◆ **MATERIAL FOR THIS EXERCISE**

lemma SG_star_extremal:
  fixes k :: nat
  assumes "k \<ge> 1"
  obtains f where "SG_star f" "taylor_coeff f 2 = of_bool (k = 1) / 2"
    "taylor_coeff f 3 = of_bool (k = 2) / 4 + of_bool (k = 1) / 12"
    "taylor_coeff f 4 = of_bool (k = 3) / 6 + of_bool (k = 1) / 72"
proof -
  have disc: "norm (z ^ k) < 1" if "z \<in> unit_disc" for z
    using that \<open>k \<ge> 1\<close> by (simp add: unit_disc_def norm_power power_less_one_iff)
  have w: "schwarz_function (\<lambda>z. z ^ k)"
    using disc \<open>k \<ge> 1\<close> by (auto simp: schwarz_function_def unit_disc_def intro!: holomorphic_intros)
  have "(Psi \<circ> (\<lambda>z. z ^ k)) holomorphic_on unit_disc"
    using disc by (intro holomorphic_on_compose_gen[OF _ Psi_holomorphic])
      (auto intro!: holomorphic_intros simp: unit_disc_def)
  then have p: "(\<lambda>z. Psi (z ^ k)) holomorphic_on unit_disc"
    by (simp add: o_def)
  have p0: "Psi (0 ^ k) = 1"
    using \<open>k \<ge> 1\<close> by (simp add: Psi_def)
  obtain f where f: "classS f" and "\<And>z. z \<in> unit_disc \<Longrightarrow> starlike_quot f z = Psi (z ^ k)"
    using exists_classS_with_starlike_quot[OF p p0 Re_Psi_pos[OF disc]] by blast
  then have quot: "\<forall>z\<in>unit_disc. starlike_quot f z = Psi (z ^ k)"
    by blast
  have "SG_star f"
    unfolding SG_star_iff_schwarz_function using f w quot by blast
  moreover note taylor_coeffs_of_Psi_subordinate[OF f w quot, unfolded taylor_coeff_power]
  ultimately show ?thesis
    by (cases "k = 1") (auto intro: that)
qed

lemma SG_star_fekete_szego_sharp:
  "\<exists>f. SG_star f \<and>
     norm (taylor_coeff f 3 - \<mu> * taylor_coeff f 2 ^ 2) = 1/4 * max 1 (norm (\<mu> - 1/3))"
proof (cases "1 \<le> norm (\<mu> - 1/3)")
  case True
  obtain f where f: "SG_star f" "taylor_coeff f 2 = 1/2" "taylor_coeff f 3 = 1/12"
    using SG_star_extremal[of 1] by auto
  have "taylor_coeff f 3 - \<mu> * taylor_coeff f 2 ^ 2 = - (\<mu> - 1/3) / 4"
    unfolding f by (simp add: field_simps power2_eq_square)
  then have "norm (taylor_coeff f 3 - \<mu> * taylor_coeff f 2 ^ 2) = norm (\<mu> - 1/3) / 4"
    by (simp only: norm_divide norm_minus_cancel) simp
  then show ?thesis
    using f(1) True by (intro exI[of _ f]) simp
next
  case False
  obtain f where f: "SG_star f" "taylor_coeff f 2 = 0" "taylor_coeff f 3 = 1/4"
    using SG_star_extremal[of 2] by auto
  show ?thesis
    using False by (intro exI[of _ f]) (simp add: f max_def)
qed

theorem theorem2:
  shows "(\<forall>f. SG_star f \<longrightarrow>
            (\<forall>\<mu>::complex. norm (taylor_coeff f 3 - \<mu> * (taylor_coeff f 2)^2)
                 \<le> (1/4) * max 1 (norm (\<mu> - 1/3))) \<and>
            norm (taylor_coeff f 2 * taylor_coeff f 3 - taylor_coeff f 4) \<le> 1/6 \<and>
            norm (taylor_coeff f 2 * taylor_coeff f 4 - (taylor_coeff f 3)^2) \<le> 1/16)
       \<and> (\<forall>\<mu>::complex. \<exists>f. SG_star f \<and>
            norm (taylor_coeff f 3 - \<mu> * (taylor_coeff f 2)^2) = (1/4) * max 1 (norm (\<mu> - 1/3)))
       \<and> (\<exists>f. SG_star f \<and> norm (taylor_coeff f 2 * taylor_coeff f 3 - taylor_coeff f 4) = 1/6)
       \<and> (\<exists>f. SG_star f \<and> norm (taylor_coeff f 2 * taylor_coeff f 4 - (taylor_coeff f 3)^2) = 1/16)"
proof -
  obtain f2 where f2: "SG_star f2" "taylor_coeff f2 2 = 0" "taylor_coeff f2 3 = 1/4"
    "taylor_coeff f2 4 = 0"
    using SG_star_extremal[of 2] by auto
  obtain f3 where f3: "SG_star f3" "taylor_coeff f3 2 = 0" "taylor_coeff f3 3 = 0"
    "taylor_coeff f3 4 = 1/6"
    using SG_star_extremal[of 3] by auto
  have "\<exists>f. SG_star f \<and> norm (taylor_coeff f 2 * taylor_coeff f 3 - taylor_coeff f 4) = 1/6"
    by (intro exI[of _ f3]) (simp add: f3)
  moreover have "\<exists>f. SG_star f \<and> norm (taylor_coeff f 2 * taylor_coeff f 4 - taylor_coeff f 3 ^ 2) = 1/16"
    by (intro exI[of _ f2]) (simp add: f2 power2_eq_square)
  ultimately show ?thesis
    using SG_star_fekete_szego SG_star_a2a3_minus_a4 SG_star_second_hankel SG_star_fekete_szego_sharp
    by (intro conjI allI impI) blast+
qed

end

◆ **TASK**
From the entries above, print the lines beginning at the one with "then show ?thesis" and stopping after the one with "(\<forall>\<mu>::complex. norm (taylor_coeff", exactly as written and with nothing else.

◆ **YOUR RESPONSE**
  then show ?thesis
    using f(1) True by (intro exI[of _ f]) simp
next
  case False
  obtain f where f: "SG_star f" "taylor_coeff f 2 = 0" "taylor_coeff f 3 = 1/4"
    using SG_star_extremal[of 2] by auto
  show ?thesis
    using False by (intro exI[of _ f]) (simp add: f max_def)
qed

theorem theorem2:
  shows "(\<forall>f. SG_star f \<longrightarrow>
            (\<forall>\<mu>::complex. norm (taylor_coeff f 3 - \<mu> * (taylor_coeff f 2)^2)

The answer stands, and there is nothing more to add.